++++ Input records ++++

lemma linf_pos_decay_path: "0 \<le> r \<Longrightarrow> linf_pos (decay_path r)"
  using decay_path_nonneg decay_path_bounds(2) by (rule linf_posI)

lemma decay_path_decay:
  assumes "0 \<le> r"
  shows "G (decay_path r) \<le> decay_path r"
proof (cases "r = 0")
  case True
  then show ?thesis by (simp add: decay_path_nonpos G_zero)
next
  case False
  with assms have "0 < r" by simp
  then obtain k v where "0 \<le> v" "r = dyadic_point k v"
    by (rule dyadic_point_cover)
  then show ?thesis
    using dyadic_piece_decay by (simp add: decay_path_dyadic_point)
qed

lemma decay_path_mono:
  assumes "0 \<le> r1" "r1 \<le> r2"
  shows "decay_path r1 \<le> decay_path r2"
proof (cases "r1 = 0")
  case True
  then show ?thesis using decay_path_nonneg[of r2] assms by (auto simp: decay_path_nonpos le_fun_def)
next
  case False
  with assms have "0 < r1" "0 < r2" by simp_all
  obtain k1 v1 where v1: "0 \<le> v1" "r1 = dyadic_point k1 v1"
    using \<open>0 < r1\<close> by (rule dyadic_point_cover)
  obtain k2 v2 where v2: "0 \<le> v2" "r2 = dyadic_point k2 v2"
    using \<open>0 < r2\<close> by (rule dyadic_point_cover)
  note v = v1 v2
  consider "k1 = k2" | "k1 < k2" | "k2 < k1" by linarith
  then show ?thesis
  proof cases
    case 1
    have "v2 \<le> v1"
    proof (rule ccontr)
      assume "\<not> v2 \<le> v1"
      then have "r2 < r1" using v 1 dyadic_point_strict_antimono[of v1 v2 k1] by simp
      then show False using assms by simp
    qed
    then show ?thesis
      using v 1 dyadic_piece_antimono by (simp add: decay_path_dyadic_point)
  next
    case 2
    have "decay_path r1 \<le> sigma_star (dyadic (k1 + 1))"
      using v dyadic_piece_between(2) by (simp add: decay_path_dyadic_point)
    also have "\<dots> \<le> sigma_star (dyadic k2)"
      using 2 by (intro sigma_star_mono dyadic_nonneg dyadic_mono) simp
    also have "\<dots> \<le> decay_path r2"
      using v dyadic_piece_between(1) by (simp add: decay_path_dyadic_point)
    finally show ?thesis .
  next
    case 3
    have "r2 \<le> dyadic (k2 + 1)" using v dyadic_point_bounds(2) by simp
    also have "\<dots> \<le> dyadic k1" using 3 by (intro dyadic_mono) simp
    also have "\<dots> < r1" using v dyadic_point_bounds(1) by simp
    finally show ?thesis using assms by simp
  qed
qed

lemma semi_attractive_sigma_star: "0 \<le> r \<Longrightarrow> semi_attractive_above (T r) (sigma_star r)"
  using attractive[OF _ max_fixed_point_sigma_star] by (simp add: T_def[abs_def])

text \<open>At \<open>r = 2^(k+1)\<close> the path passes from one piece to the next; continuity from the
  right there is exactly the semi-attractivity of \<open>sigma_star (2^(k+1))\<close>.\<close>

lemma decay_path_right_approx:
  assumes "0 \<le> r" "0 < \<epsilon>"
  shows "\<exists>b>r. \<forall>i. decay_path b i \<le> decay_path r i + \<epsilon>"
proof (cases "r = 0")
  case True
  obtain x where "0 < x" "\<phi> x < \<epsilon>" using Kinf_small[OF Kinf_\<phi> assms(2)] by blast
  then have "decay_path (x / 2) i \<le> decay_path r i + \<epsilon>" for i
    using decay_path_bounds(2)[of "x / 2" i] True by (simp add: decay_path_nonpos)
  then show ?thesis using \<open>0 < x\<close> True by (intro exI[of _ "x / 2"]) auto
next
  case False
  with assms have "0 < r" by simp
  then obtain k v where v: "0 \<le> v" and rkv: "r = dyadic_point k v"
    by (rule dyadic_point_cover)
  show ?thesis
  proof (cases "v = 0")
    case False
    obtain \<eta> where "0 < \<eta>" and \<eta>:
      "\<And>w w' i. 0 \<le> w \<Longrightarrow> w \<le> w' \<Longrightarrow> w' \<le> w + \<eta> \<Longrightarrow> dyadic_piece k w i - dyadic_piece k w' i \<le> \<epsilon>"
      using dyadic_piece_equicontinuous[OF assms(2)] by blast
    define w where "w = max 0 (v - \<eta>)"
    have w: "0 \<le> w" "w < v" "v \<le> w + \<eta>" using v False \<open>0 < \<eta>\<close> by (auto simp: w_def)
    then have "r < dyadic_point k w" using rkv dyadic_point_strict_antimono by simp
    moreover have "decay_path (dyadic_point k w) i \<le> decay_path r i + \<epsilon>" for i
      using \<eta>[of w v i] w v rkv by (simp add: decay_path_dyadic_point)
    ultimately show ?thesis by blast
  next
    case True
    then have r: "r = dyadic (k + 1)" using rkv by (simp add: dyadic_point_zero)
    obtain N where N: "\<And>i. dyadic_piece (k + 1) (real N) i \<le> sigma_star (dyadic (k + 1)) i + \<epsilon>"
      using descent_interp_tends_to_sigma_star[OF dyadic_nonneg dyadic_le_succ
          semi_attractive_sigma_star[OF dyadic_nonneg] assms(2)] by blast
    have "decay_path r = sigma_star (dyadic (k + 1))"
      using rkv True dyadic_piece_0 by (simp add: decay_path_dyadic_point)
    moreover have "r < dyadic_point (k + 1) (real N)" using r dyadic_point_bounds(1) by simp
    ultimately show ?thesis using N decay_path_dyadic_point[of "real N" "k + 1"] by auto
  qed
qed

++++
++++ Input records ++++

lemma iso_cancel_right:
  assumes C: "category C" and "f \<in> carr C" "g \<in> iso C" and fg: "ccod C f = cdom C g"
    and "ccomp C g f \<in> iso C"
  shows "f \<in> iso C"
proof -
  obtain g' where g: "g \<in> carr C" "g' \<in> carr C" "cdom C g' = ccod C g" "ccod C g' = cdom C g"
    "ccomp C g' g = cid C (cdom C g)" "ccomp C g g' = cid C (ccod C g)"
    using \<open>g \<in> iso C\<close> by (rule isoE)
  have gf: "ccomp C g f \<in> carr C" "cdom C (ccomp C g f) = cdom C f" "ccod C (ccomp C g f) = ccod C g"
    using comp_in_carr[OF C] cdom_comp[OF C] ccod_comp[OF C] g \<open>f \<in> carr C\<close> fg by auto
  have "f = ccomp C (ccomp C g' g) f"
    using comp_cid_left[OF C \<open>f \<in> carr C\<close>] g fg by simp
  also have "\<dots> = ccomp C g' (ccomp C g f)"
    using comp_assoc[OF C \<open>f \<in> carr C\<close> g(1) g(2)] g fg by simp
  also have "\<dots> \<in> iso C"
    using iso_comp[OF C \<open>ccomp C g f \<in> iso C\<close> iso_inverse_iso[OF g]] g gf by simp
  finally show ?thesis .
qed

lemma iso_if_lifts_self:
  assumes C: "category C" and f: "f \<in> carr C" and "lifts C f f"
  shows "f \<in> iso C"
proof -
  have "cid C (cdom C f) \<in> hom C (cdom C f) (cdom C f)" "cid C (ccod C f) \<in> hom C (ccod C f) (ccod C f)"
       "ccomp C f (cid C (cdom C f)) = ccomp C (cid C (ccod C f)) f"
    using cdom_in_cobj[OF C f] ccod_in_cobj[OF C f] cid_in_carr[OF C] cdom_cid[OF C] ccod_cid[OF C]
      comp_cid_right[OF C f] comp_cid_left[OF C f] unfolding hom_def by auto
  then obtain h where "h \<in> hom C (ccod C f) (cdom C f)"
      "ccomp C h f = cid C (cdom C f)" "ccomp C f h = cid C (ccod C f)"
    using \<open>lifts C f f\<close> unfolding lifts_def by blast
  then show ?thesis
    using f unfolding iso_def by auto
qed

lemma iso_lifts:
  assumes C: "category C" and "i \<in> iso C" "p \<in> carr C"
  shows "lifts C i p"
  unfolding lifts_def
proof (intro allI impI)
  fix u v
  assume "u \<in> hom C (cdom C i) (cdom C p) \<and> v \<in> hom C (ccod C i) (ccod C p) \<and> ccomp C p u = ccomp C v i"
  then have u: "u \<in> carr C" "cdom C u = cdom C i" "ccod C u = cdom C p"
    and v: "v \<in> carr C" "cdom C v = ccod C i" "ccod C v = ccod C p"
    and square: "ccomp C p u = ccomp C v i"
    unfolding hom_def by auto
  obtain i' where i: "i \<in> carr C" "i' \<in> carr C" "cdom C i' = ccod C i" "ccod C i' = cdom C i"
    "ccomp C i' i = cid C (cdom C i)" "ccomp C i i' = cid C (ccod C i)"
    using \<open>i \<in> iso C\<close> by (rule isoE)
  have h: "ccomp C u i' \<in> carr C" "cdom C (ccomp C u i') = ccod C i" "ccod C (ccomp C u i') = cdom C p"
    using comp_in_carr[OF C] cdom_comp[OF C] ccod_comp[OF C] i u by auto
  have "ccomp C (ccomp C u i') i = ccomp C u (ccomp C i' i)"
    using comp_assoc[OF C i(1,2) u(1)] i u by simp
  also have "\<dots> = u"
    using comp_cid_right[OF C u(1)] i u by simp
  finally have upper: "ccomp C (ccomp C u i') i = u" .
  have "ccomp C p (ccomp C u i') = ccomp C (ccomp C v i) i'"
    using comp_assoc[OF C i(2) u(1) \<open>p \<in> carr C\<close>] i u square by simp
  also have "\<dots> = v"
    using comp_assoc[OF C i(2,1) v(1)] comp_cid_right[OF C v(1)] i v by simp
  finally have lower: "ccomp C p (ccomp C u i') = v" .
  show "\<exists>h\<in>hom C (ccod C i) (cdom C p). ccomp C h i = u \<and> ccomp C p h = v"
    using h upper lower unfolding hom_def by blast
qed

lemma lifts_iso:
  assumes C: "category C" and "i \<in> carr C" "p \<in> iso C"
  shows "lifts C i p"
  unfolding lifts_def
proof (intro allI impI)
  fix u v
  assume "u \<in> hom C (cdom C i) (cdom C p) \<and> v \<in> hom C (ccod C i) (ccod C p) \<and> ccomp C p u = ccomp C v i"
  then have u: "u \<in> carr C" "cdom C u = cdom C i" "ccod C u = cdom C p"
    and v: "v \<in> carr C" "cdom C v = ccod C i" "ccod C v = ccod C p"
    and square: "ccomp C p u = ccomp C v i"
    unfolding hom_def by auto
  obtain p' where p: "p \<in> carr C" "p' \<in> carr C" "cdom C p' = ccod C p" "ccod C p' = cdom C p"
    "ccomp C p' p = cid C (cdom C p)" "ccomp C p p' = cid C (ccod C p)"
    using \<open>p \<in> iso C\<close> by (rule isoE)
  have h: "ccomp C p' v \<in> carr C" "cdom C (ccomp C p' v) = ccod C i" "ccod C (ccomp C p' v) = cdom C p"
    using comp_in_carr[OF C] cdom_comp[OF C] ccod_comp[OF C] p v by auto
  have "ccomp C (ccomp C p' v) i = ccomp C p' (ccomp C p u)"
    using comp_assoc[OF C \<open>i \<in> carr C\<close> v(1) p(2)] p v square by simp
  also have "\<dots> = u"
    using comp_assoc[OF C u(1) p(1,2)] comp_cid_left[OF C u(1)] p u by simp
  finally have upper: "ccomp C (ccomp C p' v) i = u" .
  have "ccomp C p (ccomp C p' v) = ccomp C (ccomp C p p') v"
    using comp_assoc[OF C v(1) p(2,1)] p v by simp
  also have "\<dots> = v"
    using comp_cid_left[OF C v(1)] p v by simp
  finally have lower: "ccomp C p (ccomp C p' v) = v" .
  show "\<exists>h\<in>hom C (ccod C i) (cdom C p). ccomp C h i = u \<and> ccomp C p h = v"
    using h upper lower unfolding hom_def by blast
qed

++++

_Work instruction_.
The answer must be every line from the records above that contains "True".

_Your solution_.
  case True
  case True
  case True
    using decay_path_bounds(2)[of "x / 2" i] True by (simp add: decay_path_nonpos)
  then show ?thesis using \<open>0 < x\<close> True by (intro exI[of _ "x / 2"]) auto
    case True
      using rkv True dyadic_piece_0 by (simp add: decay_path_dyadic_point)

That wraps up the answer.